The forced birth lobby protest with bloody pictures of aborted fetuses, and little babies.
We SHOULD show them worse, hold up to their faces what they try to shove out of their reality.
Pictures of the fetuses saved, that became orphans, with the stats and lines of what happens to them then.
Pictures of the children born with aids.
Pictures of the women who died of aids, contacted from husbands who cheated, husbands who they can’t say no to, husbands they didn’t chose. Pictures of the children they’ve left behind. Pictures of how much of an hellhole a village can become when aids overwhelms in.

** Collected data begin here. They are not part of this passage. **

lemma partial_deriv_commute:
  fixes g :: "real^'n::finite \<Rightarrow> real"
  assumes S: "open S" "z \<in> S"
    and cont_ij: "continuous_on S (partial_deriv i (partial_deriv j g))"
    and cont_ji: "continuous_on S (partial_deriv j (partial_deriv i g))"
    and diff: "\<And>w. w \<in> S \<Longrightarrow> g differentiable (at w)"
    and diff_i: "\<And>w. w \<in> S \<Longrightarrow> partial_deriv i g differentiable (at w)"
    and diff_j: "\<And>w. w \<in> S \<Longrightarrow> partial_deriv j g differentiable (at w)"
  shows "partial_deriv i (partial_deriv j g) z = partial_deriv j (partial_deriv i g) z"
proof -
  let ?A = "partial_deriv i (partial_deriv j g) z" and ?B = "partial_deriv j (partial_deriv i g) z"
  have close: "\<bar>?A - ?B\<bar> < 2 * e" if e: "e > 0" for e
  proof -
    obtain d1 where "d1 > 0"
      "\<forall>w\<in>S. dist w z < d1 \<longrightarrow> dist (partial_deriv i (partial_deriv j g) w) ?A < e"
      using cont_ij S e unfolding continuous_on_iff by blast
    moreover obtain d2 where "d2 > 0"
      "\<forall>w\<in>S. dist w z < d2 \<longrightarrow> dist (partial_deriv j (partial_deriv i g) w) ?B < e"
      using cont_ji S e unfolding continuous_on_iff by blast
    moreover obtain d0 where "d0 > 0" "ball z d0 \<subseteq> S"
      using S open_contains_ball by blast
    ultimately obtain d where d: "d > 0" "ball z d \<subseteq> S"
      "\<And>w. w \<in> ball z d \<Longrightarrow> \<bar>partial_deriv i (partial_deriv j g) w - ?A\<bar> < e"
      "\<And>w. w \<in> ball z d \<Longrightarrow> \<bar>partial_deriv j (partial_deriv i g) w - ?B\<bar> < e"
      by (intro that[of "min d0 (min d1 d2)"]) (auto simp: dist_real_def dist_commute subset_iff)
    have "g differentiable (at w)" "partial_deriv i g differentiable (at w)"
      "partial_deriv j g differentiable (at w)" if "w \<in> ball z d" for w
      using d(2) that diff diff_i diff_j by auto
    then obtain w w' where w: "w \<in> ball z d" "w' \<in> ball z d"
      "partial_deriv j (partial_deriv i g) w = partial_deriv i (partial_deriv j g) w'"
      using mixed_partials_meet_in_ball[OF d(1)] by blast
    then show ?thesis
      using d(3)[OF w(2)] d(4)[OF w(1)] by linarith
  qed
  show ?thesis
    using close[of "\<bar>?A - ?B\<bar> / 2"] by (cases "?A = ?B") auto
qed

lemma C_k_onD:
  assumes "C_k_on k S f"
  shows C_k_on_continuous: "length xs \<le> k \<Longrightarrow> continuous_on S (partial_list xs f)"
    and C_k_on_differentiable: "length xs < k \<Longrightarrow> x \<in> S \<Longrightarrow> partial_list xs f differentiable (at x)"
  using assms unfolding C_k_on_def by auto

lemma smooth_on_imp_continuous_on: "smooth_on S f \<Longrightarrow> continuous_on S f"
  using C_k_on_continuous[of 0 S f "[]"] unfolding smooth_on_def by simp

lemma partial_list_insert:
  assumes C: "C_k_on k S f" and S: "open S" and len: "length (ys1 @ a # ys2) \<le> k" and z: "z \<in> S"
  shows "partial_deriv a (partial_list (ys1 @ ys2) f) z = partial_list (ys1 @ a # ys2) f z"
  using len z
proof (induction ys1 arbitrary: z)
  case Nil
  then show ?case by simp
next
  case (Cons b ys1)
  let ?g = "partial_list (ys1 @ ys2) f"
  have "partial_deriv a (partial_deriv b ?g) z = partial_deriv b (partial_deriv a ?g) z"
  proof (rule partial_deriv_commute[OF S Cons.prems(2)])
    show "continuous_on S (partial_deriv a (partial_deriv b ?g))"
      using C_k_on_continuous[OF C, of "a # b # ys1 @ ys2"] Cons.prems(1) by simp
    show "continuous_on S (partial_deriv b (partial_deriv a ?g))"
      using C_k_on_continuous[OF C, of "b # a # ys1 @ ys2"] Cons.prems(1) by simp
    show "?g differentiable (at w)" "partial_deriv a ?g differentiable (at w)"
      "partial_deriv b ?g differentiable (at w)" if "w \<in> S" for w
      using C_k_on_differentiable[OF C _ that, of "ys1 @ ys2"] C_k_on_differentiable[OF C _ that, of "a # ys1 @ ys2"]
        C_k_on_differentiable[OF C _ that, of "b # ys1 @ ys2"] Cons.prems(1) by simp_all
  qed
  also have "\<dots> = partial_deriv b (partial_list (ys1 @ a # ys2) f) z"
    using Cons.IH Cons.prems(1) by (intro partial_deriv_cong_open[OF S _ Cons.prems(2)]) simp
  finally show ?case by simp
qed

lemma partial_list_mset_eq:
  assumes C: "C_k_on k S f" and S: "open S"
    and "length xs \<le> k" "mset xs = mset ys" "z \<in> S"
  shows "partial_list xs f z = partial_list ys f z"
  using assms(3-5)
proof (induction xs arbitrary: ys z)
  case Nil
  then show ?case by simp
next
  case (Cons a xs)
  have "a \<in> set ys"
    using Cons.prems(2) by (metis list.set_intros(1) set_mset_mset)
  then obtain ys1 ys2 where ys: "ys = ys1 @ a # ys2"
    using split_list by metis
  have len: "length ys \<le> k"
    using Cons.prems(1) mset_eq_length[OF Cons.prems(2)] by simp
  have "partial_list xs f w = partial_list (ys1 @ ys2) f w" if "w \<in> S" for w
    using Cons.IH[OF _ _ that] Cons.prems(1,2) ys by simp
  then have "partial_list (a # xs) f z = partial_deriv a (partial_list (ys1 @ ys2) f) z"
    unfolding partial_list.simps by (rule partial_deriv_cong_open[OF S _ Cons.prems(3)])
  also have "\<dots> = partial_list ys f z"
    using partial_list_insert[OF C S] len Cons.prems(3) ys by simp
  finally show ?case .
qed

lemma multi_partial_mset:
  assumes "C_k_on k S f" "open S" "length xs \<le> k" "z \<in> S"
  shows "multi_partial (mset xs) f z = partial_list xs f z"
proof -
  define ys where "ys = (SOME ys. mset ys = mset xs)"
  have "mset ys = mset xs"
    unfolding ys_def by (rule someI[of _ xs]) simp
  then have "partial_list xs f z = partial_list ys f z"
    by (intro partial_list_mset_eq[OF assms(1,2,3) _ assms(4)]) simp
  then show ?thesis
    unfolding multi_partial_def ys_def by simp
qed

section \<open>Taylor expansion along a segment\<close>

lemma finite_lists_length: "finite {xs :: 'a::finite list. length xs = k}"
  using finite_lists_length_eq[of "UNIV :: 'a set" k] by simp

Shove it in their sanctimonious faces.
[...] the people who are suffering and dying as a result of our international policies (preemptive war, “pro-life” health care, etc) will be just thrilled to hear that God is on the GOP [...]
As much as I want to pretend that I am above all of that…
HELL YES!
I’m sorry, but if most people who consider themselves “pro-life” actually were made to sit down and look at what their preferred policies do, actually forced to, say visit and volunteer, helping women and children in Africa, who are dying of AIDS, and hearing their stories, if they actually were forced to listen, then I reckon the “pro-life” movement would be shedding its members like nobody’s business.